IndexTTS, a GPT-style text-to-speech (TTS) model based on XTTS and Tortoise, has been officially released by Bilibili (B站). This system boasts a unique ability to correct the pronunciation of Chinese characters and precisely control pauses at any point using punctuation marks. This innovative technology results in more natural and fluent text-to-speech, garnering significant attention.

QQ_1740637228105.png

Trained on tens of thousands of hours of data, IndexTTS achieves industry-leading performance, surpassing popular TTS systems like XTTS, CosyVoice2, Fish-Speech, and F5-TTS. Several system modules have been enhanced, particularly in speaker condition feature representation and audio quality optimization. By incorporating hybrid modeling, IndexTTS quickly corrects mispronounced characters, improving user experience.

QQ_1740637247097.png

The model utilizes a state-of-the-art conditional encoder and a BigVGAN2-based speech decoder, improving training stability and enhancing voice timbre similarity and audio quality. The team has submitted a related paper to arXiv and plans to release model parameters and code in the coming weeks. Furthermore, IndexTTS provides various test sets, including polysyllabic vocabulary and subjective and objective evaluation sets, for researchers to conduct in-depth analysis.

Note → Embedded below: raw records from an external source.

lemma imp_exchange:
  assumes "a \<in> S" "b \<in> S" "c \<in> S" "prov (Imp a (Imp b c))"
  shows "prov (Imp b (Imp a c))"
proof -
  have "prov (Imp (Imp (Imp b c) c) (Imp a c))"
    by (rule derivable.mp[OF assms(4) prov_axiom[OF L_axioms.ax2]]) (use assms Imp_closed in auto)
  then show ?thesis
    using imp_trans[OF _ _ _ imp_modus_ponens] assms Imp_closed by blast
qed

lemma imp_mono_right:
  assumes "a \<in> S" "b \<in> S" "c \<in> S" "prov (Imp b c)"
  shows "prov (Imp (Imp a b) (Imp a c))"
proof -
  have "prov (Imp (Imp b c) (Imp (Imp a b) (Imp a c)))"
    by (rule imp_exchange[OF _ _ _ prov_axiom[OF L_axioms.ax2]]) (use assms Imp_closed in auto)
  then show ?thesis using assms(4) derivable.mp by blast
qed

lemma imp_antimono_left:
  "a \<in> S \<Longrightarrow> b \<in> S \<Longrightarrow> c \<in> S \<Longrightarrow> prov (Imp a b) \<Longrightarrow> prov (Imp (Imp b c) (Imp a c))"
  by (rule derivable.mp[OF _ prov_axiom[OF L_axioms.ax2]])

lemma neg_neg_elim:
  assumes a: "a \<in> S"
  shows "prov (Imp (Neg (Neg a)) a)"
proof -
  let ?nn1 = "Neg (Neg (Const 1))" and ?n1 = "Neg (Const 1)" and ?nna = "Neg (Neg a)"
  have S: "?nn1 \<in> S" "?n1 \<in> S" "?nna \<in> S" "Neg a \<in> S"
    using a one_closed Neg_closed by auto
  have "prov (Imp ?nna (Imp ?nn1 ?nna))"
    by (rule prov_axiom[OF L_axioms.ax1]) (use S in auto)
  moreover have "prov (Imp (Imp ?nn1 ?nna) (Imp (Neg a) ?n1))"
    by (rule prov_axiom[OF L_axioms.ax4]) (use S in auto)
  moreover have "prov (Imp (Imp (Neg a) ?n1) (Imp (Const 1) a))"
    by (rule prov_axiom[OF L_axioms.ax4[OF one_closed a]])
  ultimately have "prov (Imp ?nna (Imp (Const 1) a))"
    using imp_trans S a one_closed Imp_closed by metis
  then show ?thesis
    using imp_trans[OF _ _ a _ imp_one_imp[OF a]] S a one_closed Imp_closed by blast
qed

lemma neg_neg_intro: "a \<in> S \<Longrightarrow> prov (Imp a (Neg (Neg a)))"
  by (metis Neg_closed L_axioms.ax4 derivable.mp neg_neg_elim prov_axiom)

lemma contrapose:
  assumes "a \<in> S" "b \<in> S" "prov (Imp a b)"
  shows "prov (Imp (Neg b) (Neg a))"
proof -
  have "prov (Imp (Neg (Neg a)) (Neg (Neg b)))"
    using imp_trans[OF _ _ _ imp_trans[OF _ _ _ neg_neg_elim assms(3)] neg_neg_intro]
      assms Neg_closed by blast
  then show ?thesis
    by (rule derivable.mp[OF _ prov_axiom[OF L_axioms.ax4]]) (use assms Neg_closed in auto)
qed

end

text \<open>Provable equivalence as a relation on all formulas: the quotient type of a
  Lindenbaum algebra needs an equivalence on the whole type \<open>fm\<close>, so formulas
  outside the language are first projected into it.\<close>

definition prov_equiv :: "fm set \<Rightarrow> fm set \<Rightarrow> fm set \<Rightarrow> (fm \<Rightarrow> fm) \<Rightarrow> fm \<Rightarrow> fm \<Rightarrow> bool" where
  "prov_equiv S B H proj a b \<longleftrightarrow>
     derivable (L_axioms S \<union> B) H (Imp (proj a) (proj b))
   \<and> derivable (L_axioms S \<union> B) H (Imp (proj b) (proj a))"

locale luk_lindenbaum = luk_calculus +
  fixes proj :: "fm \<Rightarrow> fm"
  assumes proj_in: "proj a \<in> S"
    and proj_id: "a \<in> S \<Longrightarrow> proj a = a"
    and proj_Imp: "proj (Imp a b) = Imp (proj a) (proj b)"
    and proj_Neg: "proj (Neg a) = Neg (proj a)"
    and proj_Prod: "proj (Prod a b) = Prod (proj a) (proj b)"
    and proj_Oplus: "proj (Oplus a b) = Oplus (proj a) (proj b)"
    and proj_And: "proj (And a b) = And (proj a) (proj b)"
    and proj_Or: "proj (Or a b) = Or (proj a) (proj b)"
    and proj_Equiv: "proj (Equiv a b) = Equiv (proj a) (proj b)"
    and proj_zero: "proj (Const 0) = Const 0"
    and proj_one: "proj (Const 1) = Const 1"
begin

abbreviation prov_eqv :: "fm \<Rightarrow> fm \<Rightarrow> bool" where
  "prov_eqv \<equiv> prov_equiv S B H proj"

lemmas proj_simps = proj_Imp proj_Neg proj_Prod proj_Oplus proj_And proj_Or proj_Equiv
  proj_zero proj_one

lemma equivp_prov_eqv: "equivp prov_eqv"
  unfolding prov_equiv_def
  by (rule equivpI) (auto simp: reflp_def symp_def transp_def intro: imp_refl[OF proj_in]
      imp_trans[OF proj_in proj_in proj_in])

lemma prov_eqv_one_iff: "prov_eqv a (Const 1) \<longleftrightarrow> prov (proj a)"
  unfolding prov_equiv_def proj_one
  by (metis proj_in imp_weaken one_closed prov_one derivable.mp)

lemma prov_eqv_Imp: "prov_eqv a a' \<Longrightarrow> prov_eqv b b' \<Longrightarrow> prov_eqv (Imp a b) (Imp a' b')"
  unfolding prov_equiv_def proj_Imp
  by (meson Imp_closed imp_antimono_left imp_mono_right imp_trans proj_in)

lemma prov_eqv_Neg: "prov_eqv a a' \<Longrightarrow> prov_eqv (Neg a) (Neg a')"
  unfolding prov_equiv_def proj_Neg using contrapose[OF proj_in proj_in] by blast

lemma prov_eqv_W1: "prov_eqv (Imp (Const 1) a) a"
  unfolding prov_equiv_def proj_simps
  using imp_one_imp[OF proj_in] prov_axiom[OF L_axioms.ax1[OF proj_in one_closed]] by blast

lemma prov_eqv_W2: "prov_eqv (Imp (Imp a b) (Imp (Imp b c) (Imp a c))) (Const 1)"
  unfolding prov_eqv_one_iff proj_simps by (intro prov_axiom L_axioms.ax2 proj_in)

lemma prov_eqv_W3: "prov_eqv (Imp (Imp a b) b) (Imp (Imp b a) a)"
  unfolding prov_equiv_def proj_simps using prov_axiom[OF L_axioms.ax3[OF proj_in proj_in]] by blast

lemma prov_eqv_W4: "prov_eqv (Imp (Imp (Neg a) (Neg b)) (Imp b a)) (Const 1)"
  unfolding prov_eqv_one_iff proj_simps by (intro prov_axiom L_axioms.ax4 proj_in)

lemma prov_eqv_Prod: "prov_eqv (Prod a b) (Neg (Imp a (Neg b)))"
  unfolding prov_equiv_def proj_simps by (blast intro: prov_axiom L_axioms.intros proj_in)

lemma prov_eqv_Oplus: "prov_eqv (Oplus a b) (Imp (Neg a) b)"
  unfolding prov_equiv_def proj_simps by (blast intro: prov_axiom L_axioms.intros proj_in)

lemma prov_eqv_Or: "prov_eqv (Or a b) (Imp (Imp a b) b)"
  unfolding prov_equiv_def proj_simps by (blast intro: prov_axiom L_axioms.intros proj_in)

lemma prov_eqv_And: "prov_eqv (And a b) (Neg (Imp (Imp (Neg a) (Neg b)) (Neg b)))"
  unfolding prov_equiv_def proj_simps by (blast intro: prov_axiom L_axioms.intros proj_in)

lemma prov_eqv_Equiv: "prov_eqv (Equiv a b) (Neg (Imp (Imp a b) (Neg (Imp b a))))"
  unfolding prov_equiv_def proj_simps by (blast intro: prov_axiom L_axioms.intros proj_in)

lemma prov_eqv_zero: "prov_eqv (Const 0) (Neg (Const 1))"
  unfolding prov_equiv_def proj_simps by (blast intro: prov_axiom L_axioms.intros)

end

section \<open>Wajsberg algebras\<close>

locale wajsberg_algebra =
  fixes imp :: "'a \<Rightarrow> 'a \<Rightarrow> 'a"
    and neg :: "'a \<Rightarrow> 'a"
    and one :: 'a
  assumes W1: "imp one x = x"
    and W2: "imp (imp x y) (imp (imp y z) (imp x z)) = one"
    and W3: "imp (imp x y) y = imp (imp y x) x"
    and W4: "imp (imp (neg x) (neg y)) (imp y x) = one"
begin

abbreviation zero :: 'a where "zero \<equiv> neg one"
abbreviation oplus :: "'a \<Rightarrow> 'a \<Rightarrow> 'a" where "oplus x y \<equiv> imp (neg x) y"
abbreviation odot :: "'a \<Rightarrow> 'a \<Rightarrow> 'a" where "odot x y \<equiv> neg (imp x (neg y))"
abbreviation join :: "'a \<Rightarrow> 'a \<Rightarrow> 'a" where "join x y \<equiv> imp (imp x y) y"
abbreviation meet :: "'a \<Rightarrow> 'a \<Rightarrow> 'a" where "meet x y \<equiv> neg (join (neg x) (neg y))"
abbreviation le :: "'a \<Rightarrow> 'a \<Rightarrow> bool" where "le x y \<equiv> imp x y = one"

lemma imp_refl: "imp x x = one" by (metis W1 W2)
lemma imp_one: "imp x one = one" by (metis W1 W2 W3)
lemma le_antisym: "le x y \<Longrightarrow> le y x \<Longrightarrow> x = y" by (metis W1 W3)
lemma le_trans: "le x y \<Longrightarrow> le y z \<Longrightarrow> le x z" by (metis W1 W2)
lemma imp_K: "imp x (imp y x) = one" by (metis W1 W2 W3)
lemma neg_neg: "neg (neg x) = x" by (metis W1 W2 W3 W4)
lemma imp_contrapos: "imp (neg y) (neg x) = imp x y" by (metis W4 le_antisym neg_neg)
lemma imp_antimono_left: "le a b \<Longrightarrow> le (imp b c) (imp a c)" by (metis W1 W2)
lemma le_join: "le y (join y z)" by (metis imp_K W3)

lemma imp_exchange: "imp x (imp y z) = imp y (imp x z)"
proof -
  have "le (imp x (imp y z)) (imp y (imp x z))" for x y z
    using W2 le_join imp_antimono_left le_trans by blast
  then show ?thesis by (meson le_antisym)
qed

lemma odot_residuation: "imp (odot x y) z = imp x (imp y z)"
  by (metis imp_contrapos imp_exchange neg_neg)

lemma prelinearity: "join (imp x y) (imp y x) = one"
proof -
  have "imp (imp x y) (imp y x) = imp y x"
    by (smt (verit, best) imp_K W1 W3 imp_contrapos imp_exchange)
  then show ?thesis by (simp add: imp_refl)
qed

lemma oplus_comm: "oplus x y = oplus y x" by (metis imp_contrapos neg_neg)
lemma oplus_assoc: "oplus (oplus x y) z = oplus x (oplus y z)" by (metis odot_residuation neg_neg)
lemma odot_comm: "odot x y = odot y x" by (metis imp_contrapos neg_neg)
lemma odot_assoc: "odot (odot x y) z = odot x (odot y z)" by (simp add: neg_neg odot_residuation)
lemma oplus_zero: "oplus zero x = x" by (simp add: neg_neg W1)
lemma odot_one: "odot one x = x" by (metis W1 imp_contrapos odot_comm)
lemma oplus_one: "oplus one x = one" by (metis imp_one oplus_comm)
lemma odot_neg_self: "odot x (neg x) = zero" by (simp add: neg_neg imp_refl)
lemma zero_le: "le zero x" by (metis imp_K W1 imp_contrapos)
lemma le_oplus: "le x (oplus x y)" by (metis imp_K oplus_comm)
lemma odot_le: "le (odot x y) x" by (metis le_oplus imp_contrapos neg_neg)
lemma odot_mono: "le x y \<Longrightarrow> le (odot z x) (odot z y)"
  by (metis imp_contrapos imp_antimono_left odot_comm)
lemma oplus_mono: "le x y \<Longrightarrow> le (oplus x z) (oplus y z)"
  by (simp add: imp_contrapos imp_antimono_left)

lemma join_comm: "join x y = join y x" by (rule W3)
lemma join_le: "le x y \<Longrightarrow> join x y = y" by (simp add: W1)
lemma meet_comm: "meet x y = meet y x" by (metis join_comm)
lemma meet_le: "le x y \<Longrightarrow> meet x y = x" by (metis imp_contrapos join_comm W1 neg_neg)
lemma meet_lb1: "le (meet x y) x" by (metis imp_contrapos neg_neg le_join)
lemma meet_lb2: "le (meet x y) y" by (metis meet_comm meet_lb1)
lemma join_lub: "le x z \<Longrightarrow> le y z \<Longrightarrow> le (join x y) z" by (metis W1 W3 imp_antimono_left)
lemma meet_glb: "le z x \<Longrightarrow> le z y \<Longrightarrow> le z (meet x y)"
  by (metis imp_contrapos neg_neg join_lub)
lemma meet_eq_odot_imp: "meet x y = odot x (imp x y)" by (metis imp_contrapos W1 join_comm)
lemma meet_oplus_odot: "oplus (meet x y) (odot x (neg y)) = x"
  by (metis imp_K W1 imp_contrapos join_comm)

lemma eq_iff_odot_imp_one: "odot (imp x y) (imp y x) = one \<longleftrightarrow> x = y"
proof
  assume h: "odot (imp x y) (imp y x) = one"
  have "le x y" using odot_le[of "imp x y" "imp y x"] h by (simp add: W1)
  moreover have "le y x" using odot_le[of "imp y x" "imp x y"] h odot_comm by (simp add: W1)
  ultimately show "x = y" by (rule le_antisym)
qed (simp add: imp_refl odot_one)

primrec mult :: "nat \<Rightarrow> 'a \<Rightarrow> 'a" where
  "mult 0 x = zero"
| "mult (Suc k) x = oplus (mult k x) x"

primrec pw :: "nat \<Rightarrow> 'a \<Rightarrow> 'a" where
  "pw 0 x = one"
| "pw (Suc k) x = odot (pw k x) x"

lemma neg_mult: "neg (mult k x) = pw k (neg x)"
  by (induct k) (simp_all add: neg_neg)

lemma mult_add: "mult (k + l) x = oplus (mult k x) (mult l x)"
  by (induct l) (simp_all add: oplus_assoc oplus_comm[of _ zero] oplus_zero)

lemma mult_mult: "mult k (mult l x) = mult (k * l) x"
  by (induct k) (simp_all add: mult_add add.commute oplus_comm)

lemma mult_oplus: "mult k (oplus x y) = oplus (mult k x) (mult k y)"
  by (induct k) (simp_all add: oplus_zero, metis oplus_assoc oplus_comm)

lemma mult_mono_left: "k \<le> l \<Longrightarrow> le (mult k x) (mult l x)"
  by (metis le_Suc_ex le_oplus mult_add)

lemma mult_mono_right: "le x y \<Longrightarrow> le (mult k x) (mult k y)"
proof (induct k)
  case (Suc k)
  have "le (oplus (mult k x) x) (oplus (mult k y) x)" using Suc oplus_mono by blast
  moreover have "le (oplus (mult k y) x) (oplus (mult k y) y)"
    using Suc(2) oplus_mono oplus_comm by metis
  ultimately show ?case using le_trans by simp
qed (simp add: imp_refl)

IndexTTS performed exceptionally well in multiple evaluations, particularly in word error rate (WER) and speaker similarity (SS), outperforming many peer models. For instance, in Mandarin Chinese tests, IndexTTS achieved a WER of only 1.3%, significantly lower than other models, demonstrating its robustness and accuracy. Meanwhile, its Mean Opinion Score (MOS) for audio quality reached 4.01, showcasing its excellent sound quality and timbre.

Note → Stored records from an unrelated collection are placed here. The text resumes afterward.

lemma hidden_has_real_derivative:
  fixes w :: weights
  assumes "1 \<le> a" and "1 \<le> B" and x_bound: "\<forall>j\<in>{1..d}. \<bar>x j\<bar> \<le> a"
    and w_bound: "\<forall>l\<in>{1..L-1}. \<forall>k i j. \<bar>w (l, k, i, j)\<bar> \<le> B" and "l \<le> L"
  shows "\<exists>D. ((\<lambda>t. hidden d r (w(p := t)) x l k i) has_real_derivative D) (at (w p))
    \<and> \<bar>D\<bar> \<le> 2 * a * ((real r + 1) * B) ^ (l - 1)"
  using \<open>l \<le> L\<close>
proof (induction l arbitrary: k i)
  case 0
  then show ?case using \<open>1 \<le> a\<close> by (intro exI[of _ 0]) simp
next
  case (Suc l)
  show ?case
  proof (cases l)
    case 0
    then show ?thesis
      using hidden_first_layer_has_real_derivative[OF _ x_bound, where r = r and w = w and p = p and k = k and i = i] \<open>1 \<le> a\<close> by auto
  next
    case (Suc m)
    define M where "M = 2 * a * ((real r + 1) * B) ^ (l - 1)"
    have "\<forall>j. \<exists>D. ((\<lambda>t. hidden d r (w(p := t)) x l k j) has_real_derivative D) (at (w p)) \<and> \<bar>D\<bar> \<le> M"
      using Suc.IH Suc.prems unfolding M_def by (meson Suc_leD)
    then obtain Dh where Dh: "\<And>j. ((\<lambda>t. hidden d r (w(p := t)) x l k j) has_real_derivative Dh j) (at (w p))"
      "\<And>j. \<bar>Dh j\<bar> \<le> M"
      by metis
    have Dh_w: "\<bar>Dh j * w (l, k, i, j)\<bar> \<le> M * B" for j
      using Dh(2)[of j] w_bound Suc.prems \<open>l = Suc m\<close> by (simp add: abs_mult mult_mono)
    have "2 \<le> M"
      unfolding M_def using \<open>1 \<le> a\<close> \<open>1 \<le> B\<close> by (rule two_le_deriv_bound)
    then have "2 + r * (M * B) \<le> 2 * a * ((real r + 1) * B) ^ (Suc l - 1)"
      using \<open>1 \<le> B\<close> mult_mono[of 2 M 1 B] unfolding M_def \<open>l = Suc m\<close> by (simp add: algebra_simps)
    moreover have "\<exists>D. ((\<lambda>t. hidden d r (w(p := t)) x (Suc l) k i) has_real_derivative D) (at (w p))
        \<and> \<bar>D\<bar> \<le> 2 + r * (M * B)"
      unfolding \<open>l = Suc m\<close>
      by (rule hidden_next_layer_has_real_derivative[OF Dh(1)[unfolded \<open>l = Suc m\<close>] Dh_w[unfolded \<open>l = Suc m\<close>]])
    ultimately show ?thesis
      by (meson order_trans)
  qed
qed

With continuous technological advancements and expanding application scenarios, the release of IndexTTS marks a significant step forward in text-to-speech technology. For more information about this system, users can contact the relevant team for detailed usage experience and technical support.

Project: https://github.com/index-tts/index-tts

Key Highlights:

🌟 IndexTTS is a GPT-style TTS model based on XTTS and Tortoise, capable of correcting character pronunciation and controlling pauses.

📊 Trained on tens of thousands of hours of data, the system surpasses many existing popular TTS systems, demonstrating industry-leading performance.

🔍 IndexTTS excels in multiple evaluations, with superior word error rate and audio quality compared to other models, showcasing its significant advantages.